Hyperplastic Polyposis (
HPPS) is a poorly characterized syndrome that increases
colorectal cancer (CRC) risk. We aimed to provide a molecular classification of
HPPS. We obtained 282 tumours from 32 putative
HPPS patients with >or= 10 hyperplastic
polyps (HPs); some patients also had
adenomas and
CRCs. We found no good evidence of
microsatellite instability (MSI) in our samples. The epithelium of HPs was monoclonal. Somatic BRAF mutations occurred in two-thirds of our patients' HPs, and KRAS2 mutations in 10%; both mutations were more common in younger cases. The respective mutation frequencies in a set of 'sporadic' HPs were 18% and 10%. Importantly, the putative
HPPS patients generally fell into two readily defined groups, one set whose
polyps had BRAF mutations, and another set whose
polyps had KRAS2 mutations. The most plausible explanation for this observation is that there exist different forms of inherited predisposition to
HPPS, and that these determine whether
polyps follow a BRAF or KRAS2 pathway.

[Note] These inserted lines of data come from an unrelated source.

lemma upper_primitive_neg_inverse:
  assumes f: "f holomorphic_on UHP" and sym: "\<And>z. z \<in> UHP \<Longrightarrow> f (-1/z) = - (z^2) * f z"
    and z: "z \<in> UHP"
  shows "upper_primitive f (-1/z) = - upper_primitive f z"
proof -
  have "\<exists>c. \<forall>w\<in>UHP. upper_primitive f (-1/w) + upper_primitive f w = c"
  proof (rule has_field_derivative_zero_constant[OF convex_UHP])
    fix w assume w: "w \<in> UHP"
    then have "w \<noteq> 0" using UHP_neq_of_real[of w 0] by simp
    have "((\<lambda>w. -1/w) has_field_derivative 1/w^2) (at w)"
      using \<open>w \<noteq> 0\<close> by (auto intro!: derivative_eq_intros simp: power2_eq_square)
    from DERIV_chain2[OF upper_primitive_has_field_derivative[OF f neg_inverse_in_UHP[OF w]] this]
    have "((\<lambda>w. upper_primitive f (-1/w) + upper_primitive f w)
            has_field_derivative f (-1/w) * (1/w^2) + f w) (at w)"
      by (intro derivative_intros upper_primitive_has_field_derivative[OF f w])
    moreover have "f (-1/w) * (1/w^2) + f w = 0"
      using sym[OF w] \<open>w \<noteq> 0\<close> by (simp add: field_simps)
    ultimately show "((\<lambda>w. upper_primitive f (-1/w) + upper_primitive f w)
                       has_field_derivative 0) (at w within UHP)"
      by (simp add: has_field_derivative_at_within)
  qed
  moreover have "upper_primitive f (-1/\<i>) + upper_primitive f \<i> = 0"
    by (simp add: upper_primitive_def)
  ultimately have "upper_primitive f (-1/z) + upper_primitive f z = 0"
    using z by (metis i_in_UHP)
  then show ?thesis by (simp add: eq_neg_iff_add_eq_0)
qed

lemma has_derivative_Re_of_field_derivative:
  assumes "(F has_field_derivative D) (at z within S)"
  shows "((\<lambda>w. Re (F w)) has_derivative (\<lambda>h. Re (D * h))) (at z within S)"
  using bounded_linear.has_derivative[OF bounded_linear_Re assms[unfolded has_field_derivative_def]] .

lemma pderiv_dir_Re:
  "(F has_field_derivative D) (at z) \<Longrightarrow> pderiv_dir (\<lambda>w. Re (F w)) v z = Re (D * v)"
  unfolding pderiv_dir_def
  by (simp add: frechet_derivative_at[OF has_derivative_Re_of_field_derivative, symmetric])

lemma harmonic_on_Re:
  assumes F: "F holomorphic_on S" and S: "open S"
  shows "harmonic_on S (\<lambda>z. Re (F z))"
  unfolding harmonic_on_def
proof (intro ballI conjI)
  fix z assume z: "z \<in> S"
  have F': "deriv F holomorphic_on S" using holomorphic_deriv[OF F S] .
  have dF: "\<And>w. w \<in> S \<Longrightarrow> (F has_field_derivative deriv F w) (at w)"
    using holomorphic_derivI[OF F S] .
  have dF': "\<And>v. ((\<lambda>w. deriv F w * v) has_field_derivative deriv (deriv F) z * v) (at z)"
    by (intro DERIV_cmult_right holomorphic_derivI[OF F' S z])
  have second: "((\<lambda>w. pderiv_dir (\<lambda>w. Re (F w)) v w) has_derivative
                  (\<lambda>h. Re (deriv (deriv F) z * v * h))) (at z)" for v
    by (rule has_derivative_transform_within_open[OF has_derivative_Re_of_field_derivative[OF dF'] S z])
      (simp add: pderiv_dir_Re[OF dF])
  show "(\<lambda>w. Re (F w)) differentiable at z"
    using has_derivative_Re_of_field_derivative[OF dF[OF z]] by (auto simp: differentiable_def)
  show "(\<lambda>w. pderiv_dir (\<lambda>w. Re (F w)) 1 w) differentiable at z"
    "(\<lambda>w. pderiv_dir (\<lambda>w. Re (F w)) \<i> w) differentiable at z"
    using second by (auto simp: differentiable_def)
  have "pderiv_dir (\<lambda>w. pderiv_dir (\<lambda>w. Re (F w)) v w) v z = Re (deriv (deriv F) z * v * v)" for v
    unfolding pderiv_dir_def[of "\<lambda>w. pderiv_dir (\<lambda>w. Re (F w)) v w"]
    by (simp add: frechet_derivative_at[OF second, symmetric])
  then show "pderiv_dir (\<lambda>w. pderiv_dir (\<lambda>w. Re (F w)) 1 w) 1 z
          + pderiv_dir (\<lambda>w. pderiv_dir (\<lambda>w. Re (F w)) \<i> w) \<i> z = 0"
    by simp
qed

lemma isotropic_Re_conformal:
  fixes w :: "'n::finite \<Rightarrow> complex"
  assumes iso: "(\<Sum>j\<in>UNIV. (w j)^2) = 0"
  shows "(\<chi> j. Re (w j)) \<bullet> (\<chi> j. Re (w j * \<i>)) = 0"
    and "norm (\<chi> j. Re (w j)) = norm (\<chi> j. Re (w j * \<i>))"
    and "(\<exists>j. w j \<noteq> 0) \<Longrightarrow> (\<chi> j. Re (w j)) \<noteq> 0"
proof -
  have re: "(\<Sum>j\<in>UNIV. (Re (w j))^2 - (Im (w j))^2) = 0"
    using arg_cong[OF iso, of Re] by (simp add: Re_sum power2_eq_square)
  have im: "(\<Sum>j\<in>UNIV. Re (w j) * Im (w j)) = 0"
    using arg_cong[OF iso, of Im] by (simp add: Im_sum power2_eq_square mult.commute flip: sum_distrib_left)
  show "(\<chi> j. Re (w j)) \<bullet> (\<chi> j. Re (w j * \<i>)) = 0"
    using im by (simp add: inner_vec_def sum_negf)
  have "(\<Sum>j\<in>UNIV. (Re (w j))^2) = (\<Sum>j\<in>UNIV. (Im (w j))^2)"
    using re by (simp add: sum_subtractf)
  then show "norm (\<chi> j. Re (w j)) = norm (\<chi> j. Re (w j * \<i>))"
    by (simp add: norm_eq_sqrt_inner inner_vec_def power2_eq_square)
  assume "\<exists>j. w j \<noteq> 0"
  then obtain k where k: "w k \<noteq> 0" by blast
  show "(\<chi> j. Re (w j)) \<noteq> 0"
  proof
    assume "(\<chi> j. Re (w j)) = 0"
    then have Re0: "\<And>j. Re (w j) = 0" by (simp add: vec_eq_iff)
    then have "(\<Sum>j\<in>UNIV. (Im (w j))^2) = 0" using re by (simp add: sum_negf)
    then have "(Im (w k))^2 = 0" by (simp add: sum_nonneg_eq_0_iff)
    then show False using k Re0[of k] by (simp add: complex_eq_iff)
  qed
qed

lemma has_derivative_vec_lambda:
  fixes g :: "'n::finite \<Rightarrow> 'a::real_normed_vector \<Rightarrow> real"
  assumes "\<And>j. (g j has_derivative g' j) F"
  shows "((\<lambda>z. \<chi> j. g j z) has_derivative (\<lambda>h. \<chi> j. g' j h)) F"
proof -
  have expand: "\<And>c. (\<chi> j. c j) = (\<Sum>j\<in>UNIV. c j *\<^sub>R axis j (1::real))"
    by (simp add: vec_eq_iff axis_def if_distrib[of "\<lambda>x. _ * x"] cong: if_cong)
  show ?thesis
    unfolding expand by (intro has_derivative_sum has_derivative_scaleR_left assms)
qed

lemma minimal_surface_on_Re_primitives:
  fixes F f :: "3 \<Rightarrow> complex \<Rightarrow> complex"
  assumes S: "open S"
    and F: "\<And>j z. z \<in> S \<Longrightarrow> (F j has_field_derivative f j z) (at z)"
    and iso: "\<And>z. z \<in> S \<Longrightarrow> (\<Sum>j\<in>UNIV. (f j z)^2) = 0"
    and nondegenerate: "\<And>z. z \<in> S \<Longrightarrow> \<exists>j. f j z \<noteq> 0"
  shows "minimal_surface_on S (\<lambda>z. \<chi> j. Re (F j z))"
  unfolding minimal_surface_on_def
proof (intro conjI ballI allI)
  fix z assume z: "z \<in> S"
  have d: "((\<lambda>z. \<chi> j. Re (F j z)) has_derivative (\<lambda>h. \<chi> j. Re (f j z * h))) (at z)"
    by (intro has_derivative_vec_lambda has_derivative_Re_of_field_derivative F z)
  then have pd: "pderiv_dir (\<lambda>z. \<chi> j. Re (F j z)) v z = (\<chi> j. Re (f j z * v))" for v
    unfolding pderiv_dir_def by (simp add: frechet_derivative_at[OF d, symmetric])
  note conformal = isotropic_Re_conformal[of "\<lambda>j. f j z", OF iso[OF z]]
  show "(\<lambda>z. \<chi> j. Re (F j z)) differentiable at z"
    using d by (auto simp: differentiable_def)
  show "pderiv_dir (\<lambda>z. \<chi> j. Re (F j z)) 1 z \<bullet> pderiv_dir (\<lambda>z. \<chi> j. Re (F j z)) \<i> z = 0"
    "norm (pderiv_dir (\<lambda>z. \<chi> j. Re (F j z)) 1 z) = norm (pderiv_dir (\<lambda>z. \<chi> j. Re (F j z)) \<i> z)"
    "pderiv_dir (\<lambda>z. \<chi> j. Re (F j z)) 1 z \<noteq> 0"
    using conformal nondegenerate[OF z] by (simp_all add: pd)
next
  fix j
  have "F j holomorphic_on S"
    using F S by (auto simp: holomorphic_on_open)
  then show "harmonic_on S (\<lambda>z. (\<chi> j. Re (F j z)) $ j)"
    using harmonic_on_Re[OF _ S] by simp
qed
(* For every integer $m\ge3$ there is a binary minimal self-orthogonal linear code with parameters $[3\cdot2^{m-1}-1,\ m,\ 2^{m-1}]_2$ and maximum weight $2^m$ (constructed from the binary simplex $[2^m-1,m,2^{m-1}]_2$ code) which violates the Ashikhmin–Barg condition.
   Context: A code $\mathbf{C}$ is self-orthogonal if $\mathbf{C}\subseteq\mathbf{C}^\perp$ for the standard inner product. A binary linear code is minimal if any two nonzero codewords $\mathbf{c},\mathbf{c}'$ with $supp(\mathbf{c}')\subseteq supp(\mathbf{c})$ are equal. Ashikhmin–Barg condition (binary): $w_{min}/w_{max}>1/2$, where $w_{min},w_{max}$ are the minimum and maximum weights of nonzero codewords. The binary simplex code of dimension $m$ is generated by the $m\times(2^m-1)$ matrix whose columns are all nonzero vectors of $\mathbf{F}_2^m$. *)

theory Defs
  imports Complex_Main "HOL-Library.Z2"
begin

definition words :: "nat \<Rightarrow> bit list set" where
  "words n = {x. length x = n}"

definition zero_word :: "nat \<Rightarrow> bit list" where
  "zero_word n = replicate n 0"

definition encode :: "nat \<Rightarrow> nat \<Rightarrow> (nat \<Rightarrow> nat \<Rightarrow> bit) \<Rightarrow> bit list \<Rightarrow> bit list" where
  "encode k n G u = map (\<lambda>j. \<Sum>i<k. u ! i * G i j) [0..<n]"

definition binary_linear_code :: "nat \<Rightarrow> nat \<Rightarrow> bit list set \<Rightarrow> bool" where
  "binary_linear_code n k C \<longleftrightarrow>
     (\<exists>G. C = encode k n G ` words k \<and> inj_on (encode k n G) (words k))"

definition supp :: "bit list \<Rightarrow> nat set" where
  "supp x = {i. i < length x \<and> x ! i \<noteq> 0}"

definition wt :: "bit list \<Rightarrow> nat" where
  "wt x = card (supp x)"
lemma comb_line_in_words:
  "w \<in> words k N \<Longrightarrow> V \<subseteq> {..<N} \<Longrightarrow> x < k \<Longrightarrow> comb_line w V x \<in> words k N"
  unfolding words_def comb_line_def PiE_def Pi_def extensional_def by auto

lemma words_mono: "k \<le> k' \<Longrightarrow> words k N \<subseteq> words k' N"
  unfolding words_def by (intro PiE_mono) auto

lemma finite_words: "finite (words k N)"
  unfolding words_def by (intro finite_PiE) auto

lemma words_less: "w \<in> words k N \<Longrightarrow> i < N \<Longrightarrow> w i < k"
  unfolding words_def by auto

lemma words_nonempty: "0 < k \<Longrightarrow> words k N \<noteq> {}"
  unfolding words_def by (auto simp: PiE_eq_empty_iff)

lemma append_word_in_words:
  "u \<in> words k n \<Longrightarrow> v \<in> words k m \<Longrightarrow> append_word n m u v \<in> words k (n + m)"
  unfolding words_def append_word_def PiE_def Pi_def extensional_def by auto

lemma comb_line_append_word:
  "A \<subseteq> {..<n} \<Longrightarrow> B \<subseteq> {..<m} \<Longrightarrow>
   comb_line (append_word n m u v) (A \<union> (+) n ` B) x = append_word n m (comb_line u A x) (comb_line v B x)"
  unfolding comb_line_def append_word_def by (rule ext) force

lemma comb_line_empty [simp]: "comb_line u {} x = u"
  unfolding comb_line_def by simp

Most
adenomas and
CRCs from our putative
HPPS patients had 'classical' morphology and few of these lesions had BRAF or KRAS2 mutations. These findings suggest that tumourigenesis in
HPPS does not necessarily follow the 'serrated' pathway. Although current definitions of
HPPS are sub-optimal, we suggest that diagnosis could benefit from molecular analysis. Specifically, testing BRAF and KRAS2 mutations, and perhaps MSI, in multiple
polyps could help to distinguish
HPPS from sporadic HPs. We propose a specific model which would have diagnosed five more of our cases as
HPPS compared with the WHO clinical criteria.